- Location: Arctic
- Coordinates: 77°18′N 66°30′W﻿ / ﻿77.300°N 66.500°W
- Ocean/sea sources: Inglefield Gulf Baffin Bay
- Basin countries: Greenland
- Max. length: 25 km (16 mi)
- Max. width: 3.5 km (2.2 mi)

= Academy Fjord =

Fjord in Avannaata, Greenland

Academy Fjord or Academy Bay (Academy Bugt) is a fjord in northern Greenland. Administratively it belongs to the Avannaata municipality.
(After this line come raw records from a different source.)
lemma AE_jump_mean_bounds:
  assumes "\<forall>e\<in>units. 0 < q e \<and> q e \<le> 1"
  shows "AE w in P. Min (q ` units) \<le> jump_mean x q w \<and> jump_mean x q w \<le> 1"
  using AE_stochastic
proof eventually_elim
  case (elim w)
  show ?case using jump_mean_bounds[OF elim, where f=q and a="Min (q ` units)" and b=1 and x=x] assms
    by auto
qed

lemma AE_abs_drift_excess_le: "AE w in P. \<bar>drift_dot l x w - c\<bar> \<le> drift_norm l + \<bar>c\<bar>"
  using AE_stochastic by eventually_elim (rule abs_drift_excess_le)

lemma integrable_div_jump_mean:
  assumes q: "\<forall>e\<in>units. 0 < q e \<and> q e \<le> 1"
    and \<phi>: "\<phi> \<in> borel_measurable P" "AE w in P. \<bar>\<phi> w\<bar> \<le> c"
  shows "integrable P (\<lambda>w. \<phi> w / jump_mean x q w)"
proof (rule integrable_const_bound[where B="c / Min (q ` units)"])
  have m: "0 < Min (q ` units)" using q by (simp add: Min_image_units_pos)
  show "AE w in P. norm (\<phi> w / jump_mean x q w) \<le> c / Min (q ` units)"
    using AE_jump_mean_bounds[OF q, of x] \<phi>(2)
  proof eventually_elim
    case (elim w)
    then have "\<bar>\<phi> w\<bar> / jump_mean x q w \<le> c / Min (q ` units)"
      using m by (intro frac_le) auto
    then show ?case using elim m by (simp add: abs_divide)
  qed
  show "(\<lambda>w. \<phi> w / jump_mean x q w) \<in> borel_measurable P"
    using \<phi>(1) measurable_jump_mean[of "\<lambda>_. q"] by measurable
qed
lemma S23_edge_not_distinguished:
  assumes C: "induced_C5 V E w" and u: "u \<in> V - S23 V E w 0"
    and p: "p \<in> S23 V E w 0" and q: "q \<in> S23 V E w 0" and "E p q" and "E u p"
  shows "E u q"
proof (cases "u \<in> w ` {..<5}")
  case True
  then show ?thesis
    using p q \<open>E u p\<close> by (auto simp: S23_0_iff image_lessThan_5 adj_sym)
next
  case False
  show ?thesis
  proof (rule ccontr)
    assume "\<not> E u q"
    with False u have "u \<in> S23 V E w 0"
      using edge_distinguisher_in_S23[OF C p q \<open>E p q\<close>] \<open>E u p\<close> by blast
    with u show False by blast
  qed
qed

end

theorem mainTheorem8:
  fixes V :: "'a set" and E :: "'a \<Rightarrow> 'a \<Rightarrow> bool" and v :: "nat \<Rightarrow> 'a"
  assumes "simple_graph V E"
    and "vertex_critical V E 5"
    and "P5_free V E"
    and "chair_free V E"
    and "induced_C5 V E v"
  shows "\<forall>i<5. \<forall>K \<in> components (S23 V E v i) E. homogeneous V E K"
proof (intro allI impI ballI)
  fix i K assume K: "K \<in> components (S23 V E v i) E"
  interpret P5_chair_free_graph V E
    using assms by unfold_locales
  have C: "induced_C5 V E (\<lambda>k. v ((i + k) mod 5))"
    using assms(5) by (rule induced_C5_rotate)
  show "homogeneous V E K"
  proof (rule homogeneous_component[OF _ _ K])
    show "E b a" if "E a b" for a b
      using that adj_sym by blast
    show "S23 V E v i \<subseteq> V"
      by (auto simp: S23_def)
    show "E u q" if "u \<in> V - S23 V E v i" "p \<in> S23 V E v i" "q \<in> S23 V E v i" "E p q" "E u p"
      for u p q
      using S23_edge_not_distinguished[OF C] that unfolding S23_rotate[of V E v i] by blast
  qed
qed

end
definition admissible :: "nat \<Rightarrow> (nat \<times> nat) set \<Rightarrow> (nat \<Rightarrow> real) \<Rightarrow> bool" where
  "admissible n A a \<longleftrightarrow> a \<in> inputs n \<and> consistent a A \<and> A \<subseteq> {..<n} \<times> {..<n}"

lemma max_cands_subset: "max_cands n A \<subseteq> {..<n}"
  unfolding max_cands_def by auto

lemma min_cands_subset: "min_cands n A \<subseteq> {..<n}"
  unfolding min_cands_def by auto

lemma finite_max_cands [simp]: "finite (max_cands n A)"
  using finite_subset[OF max_cands_subset] by blast

lemma finite_min_cands [simp]: "finite (min_cands n A)"
  using finite_subset[OF min_cands_subset] by blast

lemma max_cands_empty [simp]: "max_cands n {} = {..<n}"
  unfolding max_cands_def by auto

lemma min_cands_empty [simp]: "min_cands n {} = {..<n}"
  unfolding min_cands_def by auto

lemma max_cands_insert: "j < n \<Longrightarrow> max_cands n (insert (i, j) A) = max_cands n A - {i}"
  unfolding max_cands_def by auto

lemma min_cands_insert: "i < n \<Longrightarrow> min_cands n (insert (i, j) A) = min_cands n A - {j}"
  unfolding min_cands_def by auto

lemma consistent_empty [simp]: "consistent a {}"
  unfolding consistent_def by simp

lemma consistent_insert [simp]: "consistent a (insert (i, j) A) \<longleftrightarrow> a i < a j \<and> consistent a A"
  unfolding consistent_def by auto

lemma consistent_mono:
  assumes "consistent a A" "A \<subseteq> {..<n} \<times> {..<n}"
    and "\<And>x. x < n \<Longrightarrow> x \<notin> max_cands n A \<Longrightarrow> b x \<le> a x"
    and "\<And>y. y < n \<Longrightarrow> y \<notin> min_cands n A \<Longrightarrow> a y \<le> b y"
  shows "consistent b A"
  unfolding consistent_def
proof clarify
  fix x y assume xy: "(x, y) \<in> A"
  with assms(2) have "x < n" "y < n" by auto
  with xy have "x \<notin> max_cands n A" "y \<notin> min_cands n A"
    unfolding max_cands_def min_cands_def by auto
  with xy assms \<open>x < n\<close> \<open>y < n\<close> show "b x < b y"
    unfolding consistent_def by fastforce
qed

lemma inj_on_input: "a \<in> inputs n \<Longrightarrow> inj_on a {..<n}"
  unfolding inputs_def by simp

lemma inputs_nonempty: "inputs n \<noteq> {}"
proof -
  have "(\<lambda>i. if i < n then real i else 0) \<in> inputs n"
    unfolding inputs_def inj_on_def by simp
  then show ?thesis by blast
qed

lemma answer_correct:
  assumes "a \<in> inputs n" "i < n" "j < n" "i \<noteq> j"
  obtains x y where "answer a i j = (x, y)" "x < n" "y < n" "a x < a y"
proof -
  have "a i \<noteq> a j"
    using inj_on_input[OF assms(1)] assms(2-4) by (auto dest: inj_onD)
  then show thesis
    using that assms(2,3) unfolding answer_def by (cases "a i < a j") auto
qed

lemma answer_less: "a i < a j \<Longrightarrow> answer a i j = (i, j)"
  unfolding answer_def by simp

lemma answer_cases: "answer a i j = (i, j) \<or> answer a i j = (j, i)"
  unfolding answer_def by simp

lemma admissible_insert:
  "admissible n A a \<Longrightarrow> x < n \<Longrightarrow> y < n \<Longrightarrow> a x < a y \<Longrightarrow> admissible n (insert (x, y) A) a"
  unfolding admissible_def by auto

lemma admissible_insert_answer:
  assumes "admissible n A a" "i < n" "j < n" "i \<noteq> j"
  shows "admissible n (insert (answer a i j) A) a"
proof -
  from assms(1) have "a \<in> inputs n" unfolding admissible_def by simp
  from answer_correct[OF this assms(2-4)] obtain x y
    where "answer a i j = (x, y)" "x < n" "y < n" "a x < a y" .
  with admissible_insert[OF assms(1)] show ?thesis by simp
qed

lemma admissible_change:
  "admissible n A a \<Longrightarrow> b \<in> inputs n \<Longrightarrow> consistent b A \<Longrightarrow> admissible n A b"
  unfolding admissible_def by simp

lemma input_max_in_max_cands:
  "consistent a A \<Longrightarrow> x < n \<Longrightarrow> (\<And>i. i < n \<Longrightarrow> a i \<le> a x) \<Longrightarrow> x \<in> max_cands n A"
  unfolding max_cands_def consistent_def by force

lemma input_min_in_min_cands:
  "consistent a A \<Longrightarrow> x < n \<Longrightarrow> (\<And>i. i < n \<Longrightarrow> a x \<le> a i) \<Longrightarrow> x \<in> min_cands n A"
  unfolding min_cands_def consistent_def by force

lemma max_cands_nonempty: "0 < n \<Longrightarrow> consistent a A \<Longrightarrow> max_cands n A \<noteq> {}"
  using finite_obtain_arg_max[of "{..<n}" a] input_max_in_max_cands[of a A _ n] by auto

lemma min_cands_nonempty: "0 < n \<Longrightarrow> consistent a A \<Longrightarrow> min_cands n A \<noteq> {}"
  using finite_obtain_arg_min[of "{..<n}" a] input_min_in_min_cands[of a A _ n] by auto

lemma inputs_shift_by_levels:
  fixes g :: "nat \<Rightarrow> int"
  assumes "a \<in> inputs n"
  obtains C :: real where "0 \<le> C" "(\<lambda>x. if x < n then a x + C * of_int (g x) else 0) \<in> inputs n"
    "\<And>x y. x < n \<Longrightarrow> y < n \<Longrightarrow> g x < g y \<Longrightarrow> a x + C * of_int (g x) < a y + C * of_int (g y)"
proof -
  define C where "C = 2 * (\<Sum>i<n. \<bar>a i\<bar>) + 1"
  have gap: "a x - a y < C" if "x < n" "y < n" for x y
  proof -
    have "\<bar>a x\<bar> \<le> (\<Sum>i<n. \<bar>a i\<bar>)" "\<bar>a y\<bar> \<le> (\<Sum>i<n. \<bar>a i\<bar>)"
      using that by (intro member_le_sum; simp)+
    then show ?thesis unfolding C_def by linarith
  qed
  have "0 \<le> C" unfolding C_def by (simp add: sum_nonneg)
  have level: "a x + C * of_int (g x) < a y + C * of_int (g y)" if "x < n" "y < n" "g x < g y" for x y
  proof -
    have "C \<le> C * of_int (g y - g x)"
      using that(3) \<open>0 \<le> C\<close> by (simp add: mult_le_cancel_left1 flip: of_int_diff)
    with gap[OF that(1,2)] show ?thesis by (simp add: right_diff_distrib)
  qed
  have "inj_on (\<lambda>x. a x + C * of_int (g x)) {..<n}"
  proof (rule inj_onI)
    fix x y assume xy: "x \<in> {..<n}" "y \<in> {..<n}" "a x + C * of_int (g x) = a y + C * of_int (g y)"
    with level[of x y] level[of y x] have "g x = g y" by force
    with xy have "a x = a y" by simp
    with xy(1,2) inj_on_input[OF assms] show "x = y" by (auto dest: inj_onD)
  qed
  then have "(\<lambda>x. if x < n then a x + C * of_int (g x) else 0) \<in> inputs n"
    unfolding inputs_def by (simp add: inj_on_def)
  with that \<open>0 \<le> C\<close> level show thesis by blast
qed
The fjord was named by Robert Peary after the Philadelphia Academy of Natural Sciences.

==Geography==
The Academy Fjord opens to the northwest into the inner end of the Inglefield Gulf, close to its head and south of the Harvard Islands. The fjord is bordered on both sides by unglaciated plateaux reaching approximately 1000 m. The northeastern one, Nunatarsuaq, is a nunatak dotted with lakes. The southwestern side of the fjord is fringed by a continuous wall of almost vertical cliffs extending from a promontory at the mouth of the fjord beyond the head into the glacier area. The northeastern side of the fjord is also flanked by cliffs, but near the mouth it is cut by a few deep valleys through which the inner Nunatarsuaq plateau is accessible.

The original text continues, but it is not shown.